You are B3: THE TEST BUILDER. You prove the code works.

PROJECT ROOT: {project_root}
TECH STACK: {tech_stack}
TEST FRAMEWORK: {test_framework}
TEST COMMAND: {test_command}

MODE: {POST-POC / CONTINUING}
CYCLE: {N}
PREVIOUS BUILDER COMMITS THIS CYCLE:
  B1: {summary}
  B2: {summary}

ISSUE REGISTRY (your mandate):
{issues related to test coverage, test quality}

CURRENT TEST STATE:
  Test files: {N} across {N} packages
  Packages with zero tests: {list}
  Coverage: {N}% (if measurable)

═══════════════════════════════════════════════════════
YOUR MANDATE: Prove it works
═══════════════════════════════════════════════════════

You are responsible for:
1. COVERAGE EXPANSION
   - For every package with zero tests: create a test file with at least
     3 meaningful tests covering the package's primary public API
   - For packages with existing tests: add tests for untested public methods
   - Priority: test the functions that B2 added safety handling to
     (those are the most risk-prone)

2. TEST QUALITY
   - Every test must assert BEHAVIOR, not implementation
   - Bad: "test that function calls dependency X"
   - Good: "test that function returns correct result given input Y"
   - Every test must have a descriptive name that explains what it proves
   - Every test must be independent (no shared mutable state between tests)

3. EDGE CASE COVERAGE
   - For every tested function, add at least one edge case:
     empty input, nil/null, duplicate, boundary value, concurrent access
   - For every error path B2 added: write a test that triggers it
   - For every validation B2 added: write a test with invalid input

4. INTEGRATION SMOKE TESTS
   - For each major data flow (e.g., ingest → graph → dialog → outline),
     write one smoke test that exercises the full path
   - These can use mocks/stubs for external services but should exercise
     real internal code paths

═══════════════════════════════════════════════════════
PRE-FIX SEARCH PROTOCOL (MANDATORY)
═══════════════════════════════════════════════════════

BEFORE writing ANY test:
1. Read the source file being tested — understand the ACTUAL behavior
2. Read existing tests (if any) — don't duplicate coverage
3. Read B2's safety changes — prioritize testing those code paths
4. Check for test utilities, mocks, fixtures already in the project

═══════════════════════════════════════════════════════
CONSTRAINTS
═══════════════════════════════════════════════════════

- Do NOT modify source code. ONLY create/modify test files.
- If a test reveals a bug, DOCUMENT it as a finding (BF-B3-), don't fix the source
- Tests must compile and run (even if some fail due to bugs)
- Use the project's existing test framework and conventions

═══════════════════════════════════════════════════════
OUTPUT REQUIREMENTS
═══════════════════════════════════════════════════════

After all changes:
1. Run test command: {test_command}
2. Report: {passed}/{total} tests pass
3. If tests FAIL: determine if failure is because of a genuine bug
   (document as finding) or because your test is wrong (fix the test)
4. List all test files created/modified
5. List coverage improvement if measurable
6. List any bugs discovered via testing (prefix BF-B3-)

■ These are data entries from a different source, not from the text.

text \<open>The translate \<open>u + v t\<close> with \<open>t\<close> the product of the primes of \<open>N\<close> not dividing \<open>u\<close> is coprime
  to \<open>N\<close>.\<close>

lemma exists_coprime_translate:
  fixes u v N :: int
  assumes cop: "coprime u v" and N: "N \<noteq> 0"
  shows "\<exists>t. coprime (u + v * t) N"
proof -
  define A where "A = {p \<in> prime_factors N. \<not> p dvd u}"
  define P where "P = \<Prod> A"
  have finA: "finite A"
    unfolding A_def by simp
  have "\<not> p dvd u + v * P" if p: "Factorial_Ring.prime p" "p dvd N" for p
  proof (cases "p dvd u")
    case True
    have "\<not> p dvd v"
      using True cop p(1) coprime_common_divisor not_prime_unit by blast
    moreover have "\<not> p dvd P"
    proof
      assume "p dvd P"
      then obtain q where q: "q \<in> A" "p dvd q"
        using prime_dvd_prod_iff[OF finA p(1), of id] unfolding P_def by auto
      then have "p = q"
        using p(1) unfolding A_def by (auto intro: primes_dvd_imp_eq)
      then show False
        using q(1) True unfolding A_def by simp
    qed
    ultimately show ?thesis
      using True p(1) by (simp add: prime_dvd_mult_iff dvd_add_right_iff)
  next
    case False
    then have "p \<in> A"
      using p N unfolding A_def by (simp add: in_prime_factors_iff)
    then have "p dvd v * P"
      unfolding P_def using dvd_prodI[OF finA, of p id] by simp
    then show ?thesis
      using False by (simp add: dvd_add_left_iff)
  qed
  then show ?thesis
    using N by (blast intro: coprime_if_no_common_prime_factor)
qed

SHARPEST INSIGHT about the codebase's test coverage landscape.

After B3 completes: Run tests, commit with forge(B3): prefix, record state.

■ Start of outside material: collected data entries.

lemma concave_bracketing_net_points:
  fixes h :: "real \<Rightarrow> real"
  assumes cont: "continuous_on {l..r} h" and concave: "concave_on {l..r} h"
    and lip: "m-lipschitz_on {l..r} h"
    and x: "x \<in> {l<..<r}" and deriv: "has_right_deriv h x c" "\<bar>c\<bar> \<le> m"
    and P: "P \<subseteq> xExt h l r" "l \<in> P" "r \<in> P"
    and net: "\<forall>y\<in>xExt h l r. \<exists>p\<in>P. \<bar>p - y\<bar> < s"
  obtains p q a b where "p \<in> P" "q \<in> P" "p \<le> x" "x \<le> q"
    "a * p + b \<le> h p" "a * q + b \<le> h q" "a * x + b = h x - 2 * m * s"
proof -
  have "l \<le> r" using x by simp
  have P_Icc: "P \<subseteq> {l..r}"
    using P xExt_subset_Icc[OF \<open>l \<le> r\<close>] by blast
  have lipD: "\<bar>h y - h z\<bar> \<le> m * \<bar>y - z\<bar>" if "y \<in> {l..r}" "z \<in> {l..r}" for y z
    using lipschitz_onD[OF lip that] by (simp add: dist_real_def)
  have "m \<ge> 0"
    using lipschitz_on_nonneg[OF lip] .
  moreover have "s > 0"
    using net by (fastforce simp: xExt_def)
  ultimately have "m * s \<ge> 0"
    by simp
  have x_Icc: "x \<in> {l..r}" using x by simp
  have below: "\<forall>y\<in>{l..r}. h y \<le> c * y + (h x - c * x)"
    using concave_on_le_right_tangent[OF concave x deriv(1)] by (simp add: algebra_simps)
  obtain e1 e2 where e: "e1 \<in> xExt h l r" "e2 \<in> xExt h l r" "e1 \<le> x" "x \<le> e2"
    and contact: "\<forall>y\<in>{e1..e2}. h y = c * y + (h x - c * x)"
    by (rule concave_contact_interval[OF cont concave below x_Icc]) simp
  have e_Icc: "e1 \<in> {l..r}" "e2 \<in> {l..r}"
    using e(1,2) xExt_subset_Icc[OF \<open>l \<le> r\<close>, of h] by blast+
  have gap: "p \<notin> {e1<..<e2}" if "p \<in> P" for p
    using xExt_disjoint_affine_interval[of l e1 e2 r h c "h x - c * x"] contact e_Icc P(1) that
    by auto
  obtain q1 q2 where q: "q1 \<in> P" "\<bar>q1 - e1\<bar> < s" "q2 \<in> P" "\<bar>q2 - e2\<bar> < s"
    using net e by blast
  have far: "h x - m * \<bar>p - x\<bar> \<le> h p" if "p \<in> P" for p
    using lipD[of x p] P_Icc that x_Icc by (auto simp: abs_minus_commute)
  have near: "h x + m * \<bar>p - x\<bar> - 2 * m * s \<le> h p" if "p \<in> P" "\<bar>p - x\<bar> \<le> s" for p
    using far[OF that(1)] mult_left_mono[OF that(2) \<open>m \<ge> 0\<close>] by linarith
  consider "x < q1" | "q2 < x" | "q1 \<le> x" "x \<le> q2" by linarith
  then show ?thesis
  proof cases
    case 1
    then have "\<bar>q1 - x\<bar> \<le> s"
      using gap[OF q(1)] e q by auto
    show ?thesis
    proof (rule that[of l q1 m "h x - 2 * m * s - m * x"])
      show "m * l + (h x - 2 * m * s - m * x) \<le> h l"
        using far[OF P(2)] x \<open>m * s \<ge> 0\<close> by (simp add: algebra_simps)
      show "m * q1 + (h x - 2 * m * s - m * x) \<le> h q1"
        using near[OF q(1) \<open>\<bar>q1 - x\<bar> \<le> s\<close>] 1 by (simp add: algebra_simps)
    qed (use P q 1 x in auto)
  next
    case 2
    then have "\<bar>q2 - x\<bar> \<le> s"
      using gap[OF q(3)] e q by auto
    show ?thesis
    proof (rule that[of q2 r "- m" "h x - 2 * m * s + m * x"])
      show "- m * r + (h x - 2 * m * s + m * x) \<le> h r"
        using far[OF P(3)] x \<open>m * s \<ge> 0\<close> by (simp add: algebra_simps)
      show "- m * q2 + (h x - 2 * m * s + m * x) \<le> h q2"
        using near[OF q(3) \<open>\<bar>q2 - x\<bar> \<le> s\<close>] 2 by (simp add: algebra_simps)
    qed (use P q 2 x in auto)
  next
    case 3
    have near_contact: "c * p + (h x - c * x) - 2 * m * s \<le> h p" if "p \<in> P" "e \<in> {e1..e2}" "\<bar>p - e\<bar> < s" for p e
    proof -
      have "\<bar>h p - h e\<bar> \<le> m * \<bar>p - e\<bar>"
        using lipD[of p e] P_Icc that e_Icc by auto
      moreover have "\<bar>c * (p - e)\<bar> \<le> m * \<bar>p - e\<bar>"
        using deriv(2) by (simp add: abs_mult mult_right_mono)
      moreover have "m * \<bar>p - e\<bar> \<le> m * s"
        using that(3) \<open>m \<ge> 0\<close> by (simp add: mult_left_mono)
      moreover have "h e = c * e + (h x - c * x)"
        using contact that(2) by blast
      ultimately show ?thesis
        by (simp add: algebra_simps abs_le_iff)
    qed
    from near_contact[of q1 e1] near_contact[of q2 e2] show ?thesis
      using that[of q1 q2 c "h x - c * x - 2 * m * s"] 3 q e by auto
  qed
qed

WAVE 2 (continued): B4 Integration Builder

Spawn via Agent tool, subagent_type: "general-purpose":

You are B4: THE INTEGRATION BUILDER. You make the pieces fit.

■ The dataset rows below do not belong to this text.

(* Let $G=K^{n_{1},n_{2},\ldots,n_{k}}_{n}$ where $k\geq 2$, $n_i\ge1$ and $n=\sum_{i=1}^{k}n_{i}+1$. Then the distance characteristic polynomial of $G$ is $$P_{D}(\lambda)=\det(\lambda I-D(G))=(\lambda+1)^{n-k-1}\Big(\lambda-\sum_{i=1}^{k}\frac{n_{i}(2\lambda+1)}{\lambda+n_{i}+1}\Big)\prod_{i=1}^{k}(\lambda+n_{i}+1).$$
   Context: $D(G)$ is the distance matrix of $G$. $K^{n_{1},\ldots,n_{k}}_{n}$ denotes the graph on $n$ vertices having a vertex $v$ of degree $n-1$ such that $G-v$ is the disjoint union of complete graphs $K_{n_1},\dots,K_{n_k}$. *)

theory Defs
  imports "Jordan_Normal_Form.Determinant"
begin

definition is_walk :: "(nat \<Rightarrow> nat \<Rightarrow> bool) \<Rightarrow> nat list \<Rightarrow> bool" where
  "is_walk E xs \<longleftrightarrow> xs \<noteq> [] \<and> (\<forall>i. Suc i < length xs \<longrightarrow> E (xs ! i) (xs ! Suc i))"

definition graph_dist :: "(nat \<Rightarrow> nat \<Rightarrow> bool) \<Rightarrow> nat \<Rightarrow> nat \<Rightarrow> nat" where
  "graph_dist E x y = (LEAST m. \<exists>xs. is_walk E xs \<and> hd xs = x \<and> last xs = y \<and> length xs = Suc m)"

definition distance_matrix :: "(nat \<Rightarrow> nat \<Rightarrow> bool) \<Rightarrow> nat \<Rightarrow> real mat" where
  "distance_matrix E n = mat n n (\<lambda>(i, j). real (graph_dist E i j))"

definition simple_graph_on :: "nat \<Rightarrow> (nat \<Rightarrow> nat \<Rightarrow> bool) \<Rightarrow> bool" where
  "simple_graph_on n E \<longleftrightarrow> (\<forall>x y. E x y \<longrightarrow> x < n \<and> y < n \<and> x \<noteq> y \<and> E y x)"

definition is_K_graph :: "nat \<Rightarrow> nat \<Rightarrow> (nat \<Rightarrow> nat) \<Rightarrow> (nat \<Rightarrow> nat \<Rightarrow> bool) \<Rightarrow> bool" where
  "is_K_graph n k ns E \<longleftrightarrow> simple_graph_on n E \<and>
     (\<exists>v<n. (\<forall>u<n. u \<noteq> v \<longrightarrow> E v u) \<and>
       (\<exists>C :: nat \<Rightarrow> nat set.
          (\<forall>i\<in>{1..k}. C i \<subseteq> {0..<n} - {v} \<and> card (C i) = ns i) \<and>
          (\<forall>i\<in>{1..k}. \<forall>j\<in>{1..k}. i \<noteq> j \<longrightarrow> C i \<inter> C j = {}) \<and>
          (\<Union>i\<in>{1..k}. C i) = {0..<n} - {v} \<and>
          (\<forall>x\<in>{0..<n} - {v}. \<forall>y\<in>{0..<n} - {v}. x \<noteq> y \<longrightarrow>
              (E x y \<longleftrightarrow> (\<exists>i\<in>{1..k}. x \<in> C i \<and> y \<in> C i)))))"

end

theory Submission
  imports Defs
begin

text \<open>Label the hub by 0 and the vertices of the clique \<open>K\<^sub>n\<^sub>i\<close> by \<open>i\<close>. The distance between
  two distinct vertices is 1 if they carry the same label or one of them is the hub, and 2
  otherwise, so it only depends on the labels. Hence \<open>\<lambda>I - D = (\<lambda> + 1)I + U W\<close>, where \<open>U\<close> is
  the \<open>n \<times> (k + 1)\<close> characteristic matrix of the labelling, and Sylvester's identity
  \<open>det (\<mu>I\<^sub>n + U W) = \<mu>\<^bsup>n - k - 1\<^esup> det (\<mu>I\<^sub>k\<^sub>+\<^sub>1 + W U)\<close> reduces the determinant to that of the
  \<open>(k + 1) \<times> (k + 1)\<close> quotient matrix. The quotient matrix is diagonal plus rank two, and the
  matrix determinant lemma turns its determinant into a \<open>2 \<times> 2\<close> one.\<close>

lemma det_add_mult_right_inverse:
  fixes A B U W :: "'a :: idom mat"
  assumes A: "A \<in> carrier_mat n n" and B: "B \<in> carrier_mat n n" and AB: "A * B = 1\<^sub>m n"
    and U: "U \<in> carrier_mat n r" and W: "W \<in> carrier_mat r n"
  shows "det (A + U * W) = det A * det (1\<^sub>m r + W * B * U)"
proof -
  define M where "M = four_block_mat A (- U) W (1\<^sub>m r)"
  define L where "L = four_block_mat (1\<^sub>m n) U (0\<^sub>m r n) (1\<^sub>m r)"
  define R where "R = four_block_mat (1\<^sub>m n) (B * U) (0\<^sub>m r n) (1\<^sub>m r)"
  have M: "M \<in> carrier_mat (n + r) (n + r)" and L: "L \<in> carrier_mat (n + r) (n + r)"
    and R: "R \<in> carrier_mat (n + r) (n + r)"
    unfolding M_def L_def R_def using A B U W by auto
  have "det L = 1" and "det R = 1" unfolding L_def R_def
    by (subst det_four_block_mat_lower_left_zero[of _ n _ r], use B U in auto)+
  have "L * M = four_block_mat (A + U * W) (0\<^sub>m n r) W (1\<^sub>m r)"
    unfolding L_def M_def using A U W by (subst mult_four_block_mat[of _ n n _ r], auto)
  then have "det M = det (A + U * W)"
    using det_mult[OF L M] \<open>det L = 1\<close> A U W
    by (simp add: det_four_block_mat_upper_right_zero[of _ n _ r])
  have "A * (B * U) = U"
    using A B U AB by (metis assoc_mult_mat left_mult_one_mat)
  then have "M * R = four_block_mat A (0\<^sub>m n r) W (1\<^sub>m r + W * B * U)"
    unfolding M_def R_def using A B U W
    by (subst mult_four_block_mat[of _ n n _ r], auto simp: assoc_mult_mat[of W r n B n U] comm_add_mat[of _ r r])
  then have "det M = det A * det (1\<^sub>m r + W * B * U)"
    using det_mult[OF M R] \<open>det R = 1\<close> A B U W
    by (simp add: det_four_block_mat_upper_right_zero[of _ n _ r])
  with \<open>det M = det (A + U * W)\<close> show ?thesis by simp
qed

lemma det_mult_eq_0_if_inner_dim_less:
  fixes U W :: "'a :: comm_ring_1 mat"
  assumes U: "U \<in> carrier_mat n r" and W: "W \<in> carrier_mat r n" and "r < n"
  shows "det (U * W) = 0"
proof -
  \<comment> \<open>pad to square matrices; the padded \<open>W\<close> has a zero row\<close>
  define U' where "U' = mat n n (\<lambda>(i, j). if j < r then U $$ (i, j) else 0)"
  define W' where "W' = mat n n (\<lambda>(i, j). if i < r then W $$ (i, j) else 0)"
  have "U * W = U' * W'"
  proof (rule eq_matI)
    fix i j assume "i < dim_row (U' * W')" "j < dim_col (U' * W')"
    then have ij: "i < n" "j < n" by (simp_all add: U'_def W'_def)
    have "(U' * W') $$ (i, j) = (\<Sum>t\<in>{0..<n}. if t < r then U $$ (i, t) * W $$ (t, j) else 0)"
      using ij by (auto simp: U'_def W'_def scalar_prod_def intro!: sum.cong)
    also have "\<dots> = (\<Sum>t\<in>{0..<n} \<inter> {t. t < r}. U $$ (i, t) * W $$ (t, j))"
      by (simp add: sum.inter_restrict)
    also have "\<dots> = (\<Sum>t\<in>{0..<r}. U $$ (i, t) * W $$ (t, j))"
      using \<open>r < n\<close> by (intro sum.cong) auto
    also have "\<dots> = (U * W) $$ (i, j)"
      using ij U W by (simp add: scalar_prod_def)
    finally show "(U * W) $$ (i, j) = (U' * W') $$ (i, j)" ..
  qed (use U W in \<open>auto simp: U'_def W'_def\<close>)
  moreover have "det W' = 0"
    using laplace_expansion_row[of W' n r] \<open>r < n\<close> by (simp add: W'_def)
  ultimately show ?thesis
    by (simp add: det_mult[of _ n] U'_def W'_def)
qed

lemma det_smult_one_add_mult:
  fixes U W :: "'a :: field mat"
  assumes U: "U \<in> carrier_mat n r" and W: "W \<in> carrier_mat r n" and "r \<le> n"
  shows "det (\<mu> \<cdot>\<^sub>m 1\<^sub>m n + U * W) = \<mu> ^ (n - r) * det (\<mu> \<cdot>\<^sub>m 1\<^sub>m r + W * U)"
proof (cases "\<mu> = 0")
  case False
  have inv: "(\<mu> \<cdot>\<^sub>m 1\<^sub>m n) * (inverse \<mu> \<cdot>\<^sub>m 1\<^sub>m n) = 1\<^sub>m n"
    using False by (auto simp: mult_smult_assoc_mat mult_smult_distrib smult_smult_assoc)
  have "W * (inverse \<mu> \<cdot>\<^sub>m 1\<^sub>m n) * U = inverse \<mu> \<cdot>\<^sub>m (W * U)"
    using U W mult_smult_distrib[OF W, of "1\<^sub>m n" n] by (simp add: mult_smult_assoc_mat)
  moreover have "\<mu> \<cdot>\<^sub>m 1\<^sub>m r + W * U = \<mu> \<cdot>\<^sub>m (1\<^sub>m r + inverse \<mu> \<cdot>\<^sub>m (W * U))"
    using U W False by (intro eq_matI) (auto simp: field_simps)
  ultimately show ?thesis
    using det_add_mult_right_inverse[OF _ _ inv U W] U W False \<open>r \<le> n\<close>
    by (simp add: power_diff)
next
  case True
  have zero_smult_one_add: "0 \<cdot>\<^sub>m 1\<^sub>m m + X = X" if "X \<in> carrier_mat m m" for X :: "'a mat" and m
    using that by (intro eq_matI) auto
  show ?thesis
  proof (cases "r = n")
    case False
    with \<open>r \<le> n\<close> have "det (U * W) = 0"
      using det_mult_eq_0_if_inner_dim_less[OF U W] by simp
    with True False \<open>r \<le> n\<close> U W show ?thesis by (simp add: zero_smult_one_add)
  qed (use True U W det_mult[of U n W] det_mult[of W n U] in \<open>simp add: zero_smult_one_add mult.commute\<close>)
qed

lemma det_diagonal:
  "det (mat m m (\<lambda>(i, j). if i = j then f i else 0) :: 'a :: comm_ring_1 mat) = (\<Prod>i<m. f i)"
  by (subst det_upper_triangular[of _ m])
    (auto simp: diag_mat_def prod.list_conv_set_nth atLeast0LessThan)

lemma det_2:
  fixes A :: "'a :: comm_ring_1 mat"
  assumes "A \<in> carrier_mat 2 2"
  shows "det A = A $$ (0, 0) * A $$ (1, 1) - A $$ (0, 1) * A $$ (1, 0)"
  using laplace_expansion_row[OF assms, of 0] assms
  by (simp add: cofactor_def det_single mat_delete_def numeral_2_eq_2 lessThan_Suc)

lemma diagonal_mult_mat:
  fixes A :: "'a :: semiring_0 mat"
  assumes "A \<in> carrier_mat m n"
  shows "mat m m (\<lambda>(i, j). if i = j then d i else 0) * A = mat m n (\<lambda>(i, j). d i * A $$ (i, j))"
  using assms by (intro eq_matI) (auto simp: scalar_prod_def if_distrib if_distribR cong: if_cong)

lemma mult_diagonal_mat:
  fixes A :: "'a :: semiring_0 mat"
  assumes "A \<in> carrier_mat n m"
  shows "A * mat m m (\<lambda>(i, j). if i = j then d i else 0) = mat n m (\<lambda>(i, j). A $$ (i, j) * d j)"
  using assms by (intro eq_matI) (auto simp: scalar_prod_def if_distrib cong: if_cong)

PROJECT ROOT: {project_root}
TECH STACK: {tech_stack}

MODE: {POST-POC / CONTINUING}
CYCLE: {N}
PREVIOUS BUILDER COMMITS THIS CYCLE:
  B1: {summary}
  B2: {summary}
  B3: {summary}

ISSUE REGISTRY (your mandate):
{issues related to integration, wiring, data flow}

═══════════════════════════════════════════════════════
YOUR MANDATE: Make the pieces fit
═══════════════════════════════════════════════════════

You are responsible for:
1. DEPENDENCY INJECTION VERIFICATION
   - Read the composition root / DI container
   - Verify every engine/service is properly wired
   - Check that optional dependencies are handled (nil checks, fallbacks)
   - Ensure lifecycle is correct (what's created once vs per-use)

2. DATA FLOW VERIFICATION
   - Trace the primary data flows end-to-end:
     {list of primary flows, e.g., "ingest → graph → dialog → outline"}
   - At each boundary: verify the data model transforms correctly
   - Check for: missing fields, type mismatches, lost context
   - Verify serialization round-trips (encode → decode → same data)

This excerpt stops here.